Erection Problems in 20s and 30s
Sudden erection problems in the 20s or 30s are often linked to psychologial reasons such as anxiety and depression. These problems can often be cured by a temporary use of potency enhancers such as Cenforce (Sildenafil) or Eli (Tadalafil). Once the self-confidence has been regained the patient can stop using the medication and have a normal sex live again.

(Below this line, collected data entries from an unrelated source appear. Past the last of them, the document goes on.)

lemma Field_subset_UN_diag_iterate:
  assumes "Well_order r" "Field r \<subseteq> diag_union r (Field r) X \<union> Z"
  shows "Field r \<subseteq> (\<Union>n. diag_iterate r X Z n)"
proof
  fix \<xi> assume "\<xi> \<in> Field r"
  have "wf (r - Id)" using assms(1) unfolding well_order_on_def by (rule conjunct2)
  then show "\<xi> \<in> (\<Union>n. diag_iterate r X Z n)"
    using \<open>\<xi> \<in> Field r\<close>
  proof (induction \<xi> rule: wf_induct_rule)
    case (less \<xi>)
    show ?case
    proof (cases "\<xi> \<in> Z")
      case True
      then have "\<xi> \<in> diag_iterate r X Z 0" by simp
      then show ?thesis by blast
    next
      case False
      with assms(2) less.prems obtain \<alpha> where \<alpha>: "strict_less r \<alpha> \<xi>" "\<xi> \<in> X \<alpha>"
        unfolding diag_union_def by blast
      then have "(\<alpha>, \<xi>) \<in> r - Id" "\<alpha> \<in> Field r"
        unfolding strict_less_def by (auto intro: FieldI1)
      then obtain n where "\<alpha> \<in> diag_iterate r X Z n" using less.IH by blast
      with \<alpha> less.prems have "\<xi> \<in> diag_union r (diag_iterate r X Z n) X"
        unfolding diag_union_def by blast
      then have "\<xi> \<in> diag_iterate r X Z (Suc n)" by simp
      then show ?thesis by blast
    qed
  qed
qed

lemma proper_normal_closure:
  assumes "Card_order r" "uncountable (Field r)"
    and "is_ideal r J" "proper_ideal r J" "pleasant_ideal r J"
  shows "proper_ideal r (normal_closure r J)"
  unfolding proper_ideal_def
proof
  assume "Field r \<in> normal_closure r J"
  then obtain X Z where XZ: "\<forall>\<alpha>\<in>Field r. X \<alpha> \<in> J" "Z \<in> J"
    "Field r \<subseteq> diag_union r (Field r) X \<union> Z"
    by (rule normal_closureE)
  have "Field r \<subseteq> (\<Union>n. diag_iterate r X Z n)"
    using card_order_on_well_order_on[OF assms(1)] XZ(3) by (rule Field_subset_UN_diag_iterate)
  moreover have "(\<Union>n. diag_iterate r X Z n) \<in> J"
    using assms(1-3) diag_iterate_mem_ideal[OF assms(3,5) XZ(1,2)] by (rule ideal_countable_UN)
  ultimately have "Field r \<in> J" by (rule ideal_downward_closed[OF assms(3), rotated])
  with assms(4) show False unfolding proper_ideal_def by contradiction
qed

theorem corollary2p3:
  fixes r :: "'a rel" and I :: "'a set set"
  assumes "Card_order r"
    and "regularCard r"
    and "uncountable (Field r)"
    and "is_ideal r I"
  shows "subpleasant r I \<longleftrightarrow> subnormal r I"
proof
  assume "subpleasant r I"
  then obtain J where J: "is_ideal r J" "proper_ideal r J" "pleasant_ideal r J" "I \<subseteq> J"
    unfolding subpleasant_def by blast
  have "Field r \<noteq> {}" using assms(3) by auto
  then have "is_ideal r (normal_closure r J)" "normal_ideal r (normal_closure r J)"
    "proper_ideal r (normal_closure r J)" "I \<subseteq> normal_closure r J"
    using is_ideal_normal_closure[OF J(1)] normal_normal_closure[OF assms(1) J(1)]
      proper_normal_closure[OF assms(1,3) J(1-3)] subset_normal_closure[OF J(1)] J(4)
    by auto
  then show "subnormal r I" unfolding subnormal_def by blast
next
  assume "subnormal r I"
  then show "subpleasant r I"
    unfolding subnormal_def subpleasant_def using normal_imp_pleasant_ideal by blast
qed

end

Severe hardening, narrowing, and clogging of the aorta, tributaries, iliac vessels, or the penile arteries, as well as sinuses, can also lead to sexual dysfunction. One of the most common natural causes of Erectile Dysfunction in 30s is vascular disease, which is said to be 40% of all factors. Almost 17% of men that have Erectile Dysfunction are suffering from atherosclerosis, a condition where the arteries are clogged with yellowish plaques that contain fatty materials cholesterol, and lipophages or those cells that are absorbing fats. This condition can partially or totally obstruct the blood vessels. Atherosclerosis is usually a result of smoking and hyperlipidemia or an elevated concentration of all or any lipids in the blood including triglycerides and cholesterol. This condition may also be due to diabetes and obesity. The weakened blood flow at the penile region is what prevents the tumescence and engorgement of the penis. This can also lead to the leakage of venous due to the poor compression of venules against tunica, which is a result of contracted vascular sinuses.
Link between ED and CVD
In addition, it was found that there’s a direct link between ED and CVD. Erectile Dysfunction could be among the first signs that the patient has a hidden or occult cardiac condition, like ischemic heart disease and may have antedated the manifestations for several months and even years. It is for this reason why the penis is sometimes known as the barometer of the body in terms of vascular integrity. The direct link between Erectile Dysfunction and vascular pathology is what prompted some physicians to advise any man suffering from ED to undergo a cardiovascular workup. This is especially true if he is showing some symptoms that could be a risk factor for ED, such as hypertension, diabetes, smoking, hyperlipidemia, and obesity. Patients that have a single vessel ischemic heart disease may achieve better erection compared to those who have multiple vessel obstruction.
Cavernous Arterial Insufficiency
In addition, men suffering from cavernous arterial insufficiency are often at high risk of suffering from CAD or Coronary Arterial Disease. Some other factors associated with atherosclerosis, such as the reduced endothelial Nitric Oxide Synthase (NOS), a type of enzyme that converts the oxygen and L-arginine to produce the nitric oxide, as well as an increased level of free radicals, along with a high level of homocysteine at the vascular plaques. All these could contribute to Erectile Dysfunction. Recent strong evidence suggests that the depletion of NOS from the nitrergic nerves can also lead to sexual dysfunction. Other Cardiovascular Diseases, such as aortic aneurysm and congestive heart failure may also be linked to Erectile Dysfunction. In a recent study, which analyzes the extragenital vascular disease on 457 patients suffering from Erectile Dysfunction, the researchers have discovered an insufficiency of an isolated penile artery in about 25 percent of the patients, along with lower extremity, carotid, and penile atherosclerosis, which has been found in 75% of those who were affected. This again demonstrates a close link between penile arteries and vascular changes in the body. Meanwhile, in another recent study done in Italy, age, diabetes, and coronary arteries have been found to be independent factors of Erectile Dysfunction. Instead, the sexual condition was found to be associated with Coronary Arterial Disease. Furthermore, Erectile Dysfunction has been found in patients suffering from acute coronary syndromes and may be considered as a symptom of diffused or coronary atherosclerosis.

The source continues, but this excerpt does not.